Aim of the task: Every entry below is to be copied exactly, with nothing left out.

Collected data entries:
=====

lemma integral_bind_pmf_bounded:
  fixes f :: "'b \<Rightarrow> real"
  assumes nonneg: "\<And>y. 0 \<le> f y" and bound: "\<And>y. f y \<le> B"
  shows "(\<integral>y. f y \<partial>bind_pmf M N) = (\<integral>x. \<integral>y. f y \<partial>N x \<partial>M)"
proof -
  have int: "integrable (measure_pmf P) f" for P :: "'b pmf"
    by (rule measure_pmf.integrable_const_bound[where B = B]) (use nonneg bound in auto)
  have int2: "integrable (measure_pmf M) (\<lambda>x. \<integral>y. f y \<partial>N x)"
    by (rule measure_pmf.integrable_const_bound[where B = B])
       (auto simp: nonneg bound integral_nonneg measure_pmf.integral_le_const int)
  have "ennreal (\<integral>y. f y \<partial>bind_pmf M N) = (\<integral>\<^sup>+y. f y \<partial>bind_pmf M N)"
    by (rule nn_integral_eq_integral[symmetric]) (auto simp: int nonneg)
  also have "\<dots> = (\<integral>\<^sup>+x. \<integral>\<^sup>+y. f y \<partial>N x \<partial>M)"
    by (rule nn_integral_bind_pmf)
  also have "\<dots> = (\<integral>\<^sup>+x. ennreal (\<integral>y. f y \<partial>N x) \<partial>M)"
    by (simp add: nn_integral_eq_integral int nonneg)
  also have "\<dots> = ennreal (\<integral>x. \<integral>y. f y \<partial>N x \<partial>M)"
    by (simp add: nn_integral_eq_integral int2 nonneg integral_nonneg)
  finally show ?thesis
    by (simp add: nonneg integral_nonneg)
qed

text \<open>The one-round recursion for the probability of a store at the frontier, and its
  iterate over a list of instruction types.\<close>

definition st_step :: "real \<Rightarrow> ity \<Rightarrow> real" where
  "st_step q t = (if t = ST then 1 else q / 2)"

definition st_chance :: "ity list \<Rightarrow> real" where
  "st_chance ts = foldl st_step 0 ts"

lemma st_chance_snoc: "st_chance (ts @ [t]) = st_step (st_chance ts) t"
  by (simp add: st_chance_def)

lemma st_chance_bounds: "0 \<le> st_chance ts \<and> st_chance ts \<le> 1"
proof -
  have "0 \<le> q \<Longrightarrow> q \<le> 1 \<Longrightarrow> 0 \<le> foldl st_step q ts \<and> foldl st_step q ts \<le> 1" for q
    by (induction ts arbitrary: q) (auto simp: st_step_def)
  then show ?thesis by (simp add: st_chance_def)
qed

text \<open>Averaged over n fair types, st_chance satisfies E_{n+1} = 1/2 + E_n / 4.\<close>

lemma expected_st_chance:
  "(\<integral>ts. st_chance ts \<partial>replicate_pmf n coin_type) = 2/3 - 2/3 * (1/4) ^ n"
proof (induction n)
  case 0
  then show ?case by (simp add: st_chance_def)
next
  case (Suc n)
  have int: "integrable (measure_pmf P) st_chance" for P :: "ity list pmf"
    by (rule measure_pmf.integrable_const_bound[where B = 1]) (use st_chance_bounds in auto)
  have "(\<integral>ts. st_chance ts \<partial>replicate_pmf (Suc n) coin_type) =
      (\<integral>ts. (1 + st_chance ts / 2) / 2 \<partial>replicate_pmf n coin_type)"
    unfolding replicate_pmf_snoc
    by (subst integral_bind_pmf_bounded[where B = 1])
       (simp_all add: st_chance_bounds st_chance_snoc integral_coin_type st_step_def)
  also have "\<dots> = 1/2 + (\<integral>ts. st_chance ts \<partial>replicate_pmf n coin_type) / 4"
    by (simp add: int)
  finally show ?case using Suc.IH by (simp add: field_simps)
qed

=====

Output for this task:
lemma integral_bind_pmf_bounded:
  fixes f :: "'b \<Rightarrow> real"
  assumes nonneg: "\<And>y. 0 \<le> f y" and bound: "\<And>y. f y \<le> B"
  shows "(\<integral>y. f y \<partial>bind_pmf M N) = (\<integral>x. \<integral>y. f y \<partial>N x \<partial>M)"
proof -
  have int: "integrable (measure_pmf P) f" for P :: "'b pmf"
    by (rule measure_pmf.integrable_const_bound[where B = B]) (use nonneg bound in auto)
  have int2: "integrable (measure_pmf M) (\<lambda>x. \<integral>y. f y \<partial>N x)"
    by (rule measure_pmf.integrable_const_bound[where B = B])
       (auto simp: nonneg bound integral_nonneg measure_pmf.integral_le_const int)
  have "ennreal (\<integral>y. f y \<partial>bind_pmf M N) = (\<integral>\<^sup>+y. f y \<partial>bind_pmf M N)"
    by (rule nn_integral_eq_integral[symmetric]) (auto simp: int nonneg)
  also have "\<dots> = (\<integral>\<^sup>+x. \<integral>\<^sup>+y. f y \<partial>N x \<partial>M)"
    by (rule nn_integral_bind_pmf)
  also have "\<dots> = (\<integral>\<^sup>+x. ennreal (\<integral>y. f y \<partial>N x) \<partial>M)"
    by (simp add: nn_integral_eq_integral int nonneg)
  also have "\<dots> = ennreal (\<integral>x. \<integral>y. f y \<partial>N x \<partial>M)"
    by (simp add: nn_integral_eq_integral int2 nonneg integral_nonneg)
  finally show ?thesis
    by (simp add: nonneg integral_nonneg)
qed

text \<open>The one-round recursion for the probability of a store at the frontier, and its
  iterate over a list of instruction types.\<close>

definition st_step :: "real \<Rightarrow> ity \<Rightarrow> real" where
  "st_step q t = (if t = ST then 1 else q / 2)"

definition st_chance :: "ity list \<Rightarrow> real" where
  "st_chance ts = foldl st_step 0 ts"

lemma st_chance_snoc: "st_chance (ts @ [t]) = st_step (st_chance ts) t"
  by (simp add: st_chance_def)

lemma st_chance_bounds: "0 \<le> st_chance ts \<and> st_chance ts \<le> 1"
proof -
  have "0 \<le> q \<Longrightarrow> q \<le> 1 \<Longrightarrow> 0 \<le> foldl st_step q ts \<and> foldl st_step q ts \<le> 1" for q
    by (induction ts arbitrary: q) (auto simp: st_step_def)
  then show ?thesis by (simp add: st_chance_def)
qed

text \<open>Averaged over n fair types, st_chance satisfies E_{n+1} = 1/2 + E_n / 4.\<close>

lemma expected_st_chance:
  "(\<integral>ts. st_chance ts \<partial>replicate_pmf n coin_type) = 2/3 - 2/3 * (1/4) ^ n"
proof (induction n)
  case 0
  then show ?case by (simp add: st_chance_def)
next
  case (Suc n)
  have int: "integrable (measure_pmf P) st_chance" for P :: "ity list pmf"
    by (rule measure_pmf.integrable_const_bound[where B = 1]) (use st_chance_bounds in auto)
  have "(\<integral>ts. st_chance ts \<partial>replicate_pmf (Suc n) coin_type) =
      (\<integral>ts. (1 + st_chance ts / 2) / 2 \<partial>replicate_pmf n coin_type)"
    unfolding replicate_pmf_snoc
    by (subst integral_bind_pmf_bounded[where B = 1])
       (simp_all add: st_chance_bounds st_chance_snoc integral_coin_type st_step_def)
  also have "\<dots> = 1/2 + (\<integral>ts. st_chance ts \<partial>replicate_pmf n coin_type) / 4"
    by (simp add: int)
  finally show ?case using Suc.IH by (simp add: field_simps)
qed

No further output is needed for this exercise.